If we are an aspiring democracy in which each adult has much the same capacity to decide what to do and how to do it, always with the proviso that what one wants to do should not prevent others from doing what they want to do, why should we try to instruct others in what we think is best for them? My position here is that of J. S. Mill in On Liberty (for a summary, try here), and for Mill liberty or freedom is the condition that allows a person the opportunity to learn what is best for them. Telling adults what they should do, when that is not the adult’s preference, is to tell them that you know better than they do. We have a lot of that about today. Perhaps we always have had a lot about. Ironically, the instructions are more diverse that they once were, and the instructors now rely on ‘science’, not religion. The supposed ‘findings of science’ are employed in matters of food, smoking, health, climate, road safety, mining, transport, you name it. Unfortunately, science is a dynamic form of knowledge-generation, and what is true today may not be true tomorrow. Science once proclaimed that butter was bad for us, and we shifted to margarine. Now, apparently, that is no longer the case. Over the years I’ve come to the view that adults should be left to make their own decisions about all of these things, always remembering Mill’s warning that such freedom is constrained by our need to respect the equal freedom of others. Provide advice, yes. Make it clear that such advice is contingent on the advance of knowledge. ‘At the moment…’ you might begin. But leave it at that.
And what has all that got to do with opera and ballet? There was a time when opera houses, libraries, art galleries and large theatres were built, in all our big cities. That was the 1960s. Time has moved on. Governments make decisions about how to spend public money guided by their sense of public sentiment. In the 1960s there was some sense that we were uncultured, and we needed to show that we weren’t. Premier Joe Cahill, whose determination enabled the building of Sydney’s Opera House, was convinced that until Sydney had one, no one outside our shores would take the city seriously. He was persuasive, partly because his view was widely shared. Those days have passed.
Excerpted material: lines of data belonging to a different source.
lemma integral_poly_convolution_by_parts:
  fixes P :: "real poly"
  assumes \<Phi>: "\<And>t. t \<in> {a..s} \<Longrightarrow> (\<Phi> has_real_derivative q t) (at t within {a..s})"
    and q: "continuous_on {a..s} q" and \<Phi>a: "\<Phi> a = 0" and "a \<le> s"
  shows "integral {a..s} (\<lambda>t. poly P (s + a - t) * q t)
      = poly P a * \<Phi> s + integral {a..s} (\<lambda>t. poly (pderiv P) (s + a - t) * \<Phi> t)"
proof -
  have \<Phi>_cont: "continuous_on {a..s} \<Phi>"
    using \<Phi> DERIV_continuous continuous_on_eq_continuous_within by blast
  have "((\<lambda>t. poly P (s + a - t) * q t - poly (pderiv P) (s + a - t) * \<Phi> t) has_integral
      poly P (s + a - s) * \<Phi> s - poly P (s + a - a) * \<Phi> a) {a..s}"
  proof (rule fundamental_theorem_of_calculus[OF \<open>a \<le> s\<close>])
    fix x assume x: "x \<in> {a..s}"
    have "((\<lambda>t. poly P (s + a - t) * \<Phi> t) has_real_derivative
        poly P (s + a - x) * q x - poly (pderiv P) (s + a - x) * \<Phi> x) (at x within {a..s})"
      by (auto intro!: derivative_eq_intros DERIV_chain2[OF poly_DERIV] \<Phi> x simp: algebra_simps)
    then show "((\<lambda>t. poly P (s + a - t) * \<Phi> t) has_vector_derivative
        poly P (s + a - x) * q x - poly (pderiv P) (s + a - x) * \<Phi> x) (at x within {a..s})"
      by (simp add: has_real_derivative_iff_has_vector_derivative)
  qed
  then have "integral {a..s} (\<lambda>t. poly P (s + a - t) * q t - poly (pderiv P) (s + a - t) * \<Phi> t)
      = poly P a * \<Phi> s"
    using \<Phi>a by (simp add: integral_unique)
  moreover have "integral {a..s} (\<lambda>t. poly P (s + a - t) * q t - poly (pderiv P) (s + a - t) * \<Phi> t)
      = integral {a..s} (\<lambda>t. poly P (s + a - t) * q t)
        - integral {a..s} (\<lambda>t. poly (pderiv P) (s + a - t) * \<Phi> t)"
    by (intro integral_diff integrable_continuous_interval continuous_intros q \<Phi>_cont)
  ultimately show ?thesis
    by simp
qed

lemma integral_poly_convolution_antiderivative:
  fixes P :: "real poly"
  assumes \<Phi>: "\<And>t. t \<in> {a..y} \<Longrightarrow> (\<Phi> has_real_derivative q t) (at t within {a..y})"
    and q: "continuous_on {a..y} q" and \<Phi>a: "\<Phi> a = 0" and "a \<le> y"
  shows "integral {a..y} (\<lambda>s. integral {a..s} (\<lambda>t. poly P (s + a - t) * q t))
      = integral {a..y} (\<lambda>t. poly P (y + a - t) * \<Phi> t)"
proof -
  have \<Phi>_cont: "continuous_on {a..y} \<Phi>"
    using \<Phi> DERIV_continuous continuous_on_eq_continuous_within by blast
  have "((\<lambda>s. integral {a..s} (\<lambda>t. poly P (s + a - t) * q t)) has_integral
      integral {a..y} (\<lambda>t. poly P (y + a - t) * \<Phi> t) - integral {a..a} (\<lambda>t. poly P (a + a - t) * \<Phi> t))
      {a..y}"
  proof (rule fundamental_theorem_of_calculus[OF \<open>a \<le> y\<close>])
    fix s assume s: "s \<in> {a..y}"
    have "((\<lambda>s. integral {a..s} (\<lambda>t. poly P (s + a - t) * \<Phi> t)) has_real_derivative
        poly P a * \<Phi> s + integral {a..s} (\<lambda>t. poly (pderiv P) (s + a - t) * \<Phi> t)) (at s within {a..y})"
      by (rule has_real_derivative_poly_convolution[OF \<Phi>_cont s])
    also have "poly P a * \<Phi> s + integral {a..s} (\<lambda>t. poly (pderiv P) (s + a - t) * \<Phi> t)
        = integral {a..s} (\<lambda>t. poly P (s + a - t) * q t)"
      using s by (intro integral_poly_convolution_by_parts[symmetric] \<Phi>a)
        (auto intro: DERIV_subset[OF \<Phi>] continuous_on_subset[OF q])
    finally show "((\<lambda>s. integral {a..s} (\<lambda>t. poly P (s + a - t) * \<Phi> t)) has_vector_derivative
        integral {a..s} (\<lambda>t. poly P (s + a - t) * q t)) (at s within {a..y})"
      by (simp add: has_real_derivative_iff_has_vector_derivative)
  qed
  then show ?thesis
    by (simp add: integral_unique)
qed

fun gegen_poly :: "real \<Rightarrow> nat \<Rightarrow> real poly" where
  "gegen_poly l 0 = 1"
| "gegen_poly l (Suc 0) = [:0, 2 * l:]"
| "gegen_poly l (Suc (Suc n)) =
     smult (1 / (real n + 2))
       (smult (2 * (real n + 1 + l)) ([:0, 1:] * gegen_poly l (Suc n))
        - smult (real n + 2 * l) (gegen_poly l n))"

lemma poly_gegen_poly: "poly (gegen_poly l n) = gegen_nat l n"
  by (induction l n rule: gegen_poly.induct) (auto simp: fun_eq_iff field_simps)

lemma gegenbauer_eq_poly: "gegenbauer l k = poly (if k < 0 then 0 else gegen_poly l (nat k))"
  by (simp add: fun_eq_iff gegenbauer_def poly_gegen_poly)

lemma continuous_on_gegenbauer: "continuous_on S (gegenbauer l k)"
  unfolding gegenbauer_eq_poly by (intro continuous_intros)

lemma fM_eq_poly: "fM l M a = poly (\<Sum>m\<le>M. smult (a m) (gegen_poly l m))"
  by (simp add: fun_eq_iff fM_def poly_sum poly_gegen_poly gegenbauer_def)

lemma poly_pderiv_gegen_poly_Suc_Suc:
  "(real n + 2) * poly (pderiv (gegen_poly l (Suc (Suc n)))) x =
     2 * (real n + 1 + l) * (gegen_nat l (Suc n) x + x * poly (pderiv (gegen_poly l (Suc n))) x)
     - (real n + 2 * l) * poly (pderiv (gegen_poly l n)) x"
  by (simp add: pderiv_smult pderiv_mult pderiv_diff pderiv_pCons poly_gegen_poly field_simps)

lemma gegen_derivative_relations:
  fixes l x :: real
  defines "D \<equiv> \<lambda>m. poly (pderiv (gegen_poly l m)) x"
  shows "x * D (Suc m) - D m = real (Suc m) * gegen_nat l (Suc m) x
    \<and> D (Suc m) - x * D m = (real m + 2 * l) * gegen_nat l m x"
proof (induction m)
  case 0
  show ?case by (simp add: D_def pderiv_pCons)
next
  case (Suc m)
  then have A: "x * D (Suc m) - D m = real (Suc m) * gegen_nat l (Suc m) x"
    and B: "D (Suc m) - x * D m = (real m + 2 * l) * gegen_nat l m x" by auto
  have rec_C: "(real m + 2) * gegen_nat l (Suc (Suc m)) x =
      2 * (real m + 1 + l) * x * gegen_nat l (Suc m) x - (real m + 2 * l) * gegen_nat l m x"
    by (simp add: field_simps)
  have rec_D: "(real m + 2) * D (Suc (Suc m)) =
      2 * (real m + 1 + l) * (gegen_nat l (Suc m) x + x * D (Suc m)) - (real m + 2 * l) * D m"
    unfolding D_def by (rule poly_pderiv_gegen_poly_Suc_Suc)
  have "(real m + 2) * (D (Suc (Suc m)) - x * D (Suc m)) =
      (real m + 2) * ((real (Suc m) + 2 * l) * gegen_nat l (Suc m) x)"
    using A rec_D unfolding of_nat_Suc by algebra
  then have B': "D (Suc (Suc m)) - x * D (Suc m) = (real (Suc m) + 2 * l) * gegen_nat l (Suc m) x"
    by simp
  moreover have "x * D (Suc (Suc m)) - D (Suc m) = real (Suc (Suc m)) * gegen_nat l (Suc (Suc m)) x"
    using A B B' rec_C unfolding of_nat_Suc by algebra
  ultimately show ?case by simp
qed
Contemporary governments plainly prefer building sport stadia to opera houses. Quite reasonable people prefer to go camping or fishing, play computer games, attend football matches, or go to movies, the club or the pub, rather than go to museums, concerts or art galleries. And there are lots and lots of those reasonable people. Those of us, a very much smaller group, who have the desire to see properly staged large operas and ballets, will be at the end of a long queue, unless we campaign hard, widely and over time, and perhaps even then. The irony is that those who value what is sometimes called ‘the high culture’ are now mostly university-educated (Joe Cahill wasn’t), but even in that group the opera-lovers are not at all a majority. Nonetheless, the university-educated elite are happy to tell the more benighted what they should do in all other aspects of life.
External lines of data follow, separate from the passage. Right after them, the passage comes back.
(* Let $\mathbb{F}$ be a field of characteristic not $2$, let $V$ be a $2$-dimensional $\mathbb{F}$-space with basis $u,v$ and symmetric bilinear form $B$ with $B(u,u)=B(v,v)=1$, $B(u,v)=\delta$, and let $\mathfrak{S}(\delta)=\mathbb{F}\oplus V$ with product $(\alpha+x)(\beta+y)=(\alpha\beta+B(x,y))+(\alpha y+\beta x)$. Put $a=\frac12(1+u)$ and $b=\frac12(1+v)$. Then: (a) $a$ and $b$ generate $\mathfrak{S}(\delta)$ if and only if $\delta\neq 1$; in this case $\mathfrak{S}(\delta)\cong\mathfrak{J}(\frac12(1+\delta))$ via an isomorphism sending the generators $\mathfrak{a},\mathfrak{b}$ of $\mathfrak{J}$ to $a,b$; (b) if $\delta=1$ then $\langle\langle a,b\rangle\rangle=\mathrm{span}\{a,b\}$ is a $2$-dimensional subalgebra isomorphic to $\mathfrak{J}(1)/\langle\sigma\rangle$ via an isomorphism sending the images of $\mathfrak{a},\mathfrak{b}$ to $a,b$.
   Context: For $\alpha\in\mathbb{F}$, $\mathfrak{J}(\alpha)$ is the commutative algebra with basis $\mathfrak{a},\mathfrak{b},\sigma$ and product $\mathfrak{a}^2=\mathfrak{a}$, $\mathfrak{b}^2=\mathfrak{b}$, $\mathfrak{a}\mathfrak{b}=\frac12\mathfrak{a}+\frac12\mathfrak{b}+\sigma$, $\mathfrak{a}\sigma=\frac{\alpha-1}{2}\mathfrak{a}$, $\mathfrak{b}\sigma=\frac{\alpha-1}{2}\mathfrak{b}$, $\sigma^2=\frac{\alpha-1}{2}\sigma$. In $\mathfrak{J}(1)$, $\langle\sigma\rangle$ is an ideal (it annihilates the algebra). $\langle\langle a,b\rangle\rangle$ denotes the subalgebra generated by $a,b$. *)

theory Defs
  imports Main
begin

type_synonym 'a tri = "'a \<times> 'a \<times> 'a"

definition tadd :: "'a::field tri \<Rightarrow> 'a tri \<Rightarrow> 'a tri" where
  "tadd x y = (case x of (x1,x2,x3) \<Rightarrow> case y of (y1,y2,y3) \<Rightarrow> (x1+y1, x2+y2, x3+y3))"

definition tsmul :: "'a::field \<Rightarrow> 'a tri \<Rightarrow> 'a tri" where
  "tsmul c x = (case x of (x1,x2,x3) \<Rightarrow> (c*x1, c*x2, c*x3))"

text \<open>An element (al, x1, x2) stands for al*1 + x1*u + x2*v.
  B is the symmetric bilinear form with B(u,u)=B(v,v)=1, B(u,v)=delta.\<close>

definition Bform :: "'a::field \<Rightarrow> 'a \<times> 'a \<Rightarrow> 'a \<times> 'a \<Rightarrow> 'a" where
  "Bform d x y = (case x of (x1,x2) \<Rightarrow> case y of (y1,y2) \<Rightarrow>
      x1*y1 + x2*y2 + d*(x1*y2 + x2*y1))"

definition smul_S :: "'a::field \<Rightarrow> 'a tri \<Rightarrow> 'a tri \<Rightarrow> 'a tri" where
  "smul_S d p q = (case p of (al,x1,x2) \<Rightarrow> case q of (be,y1,y2) \<Rightarrow>
      (al*be + Bform d (x1,x2) (y1,y2), al*y1 + be*x1, al*y2 + be*x2))"

definition S_a :: "'a::field tri" where "S_a = (1/2, 1/2, 0)"
definition S_b :: "'a::field tri" where "S_b = (1/2, 0, 1/2)"

definition J_a :: "'a::field tri" where "J_a = (1,0,0)"
definition J_b :: "'a::field tri" where "J_b = (0,1,0)"
definition J_s :: "'a::field tri" where "J_s = (0,0,1)"

text \<open>Bilinear (commutative) extension of the basis products:
  aa = a, bb = b, ab = a/2 + b/2 + sigma, a sigma = (al-1)/2 a,
  b sigma = (al-1)/2 b, sigma sigma = (al-1)/2 sigma.\<close>
definition jmul :: "'a::field \<Rightarrow> 'a tri \<Rightarrow> 'a tri \<Rightarrow> 'a tri" where
  "jmul al p q = (case p of (p1,p2,p3) \<Rightarrow> case q of (q1,q2,q3) \<Rightarrow>
     tadd (tsmul (p1*q1) J_a)
    (tadd (tsmul (p2*q2) J_b)
    (tadd (tsmul (p1*q2 + p2*q1) (tadd (tsmul (1/2) J_a) (tadd (tsmul (1/2) J_b) J_s)))
    (tadd (tsmul (p1*q3 + p3*q1) (tsmul ((al-1)/2) J_a))
    (tadd (tsmul (p2*q3 + p3*q2) (tsmul ((al-1)/2) J_b))
          (tsmul (p3*q3) (tsmul ((al-1)/2) J_s)))))))"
I would have thought Shakespeare, Bach, da Vinci and Jane Austen were more valuable to the human spirit, all things considered, than food-miles, plastic-bag avoidance, wind turbines and the paleo diet, but perhaps that is because I am an old (white, male) fogey. In any case, I think there is a case for those who want to make others good people remembering the diversity cuts both ways: we don’t in fact have, for example, an ‘obesity crisis’, though the news presenter talked about it the other day. What we have are people who like to eat a lot. They can afford to. Let them. There are many, many other examples.
I think over-eating, smoking, drinking, and a tendency to attend the NY Met to hear Renee Fleming, rather than being blown up in Manchester watching Ariana Grande, are not ‘diversity’ at all – rather, what would have been called, in pre-modern times, freedom of choice. I am not defending any positions, simply noting that they exist. Diversity is a point on the normal curve. More authoritative commentators have pointed out that a lack of balance has consequences, mostly unintended, because, as the power of minorities increases, diversity decreases. Example: you can hardly find a smoker having a fag outside a building in mid-town. While this is not necessarily a bad thing, it is certainly an irrefutable example of a loss of ‘diversity’. There is equally irrefutable evidence that, as Muslims have reached a majority population in some suburbs of London, ethnic ‘diversity’ has decreased. Be careful what you wish for.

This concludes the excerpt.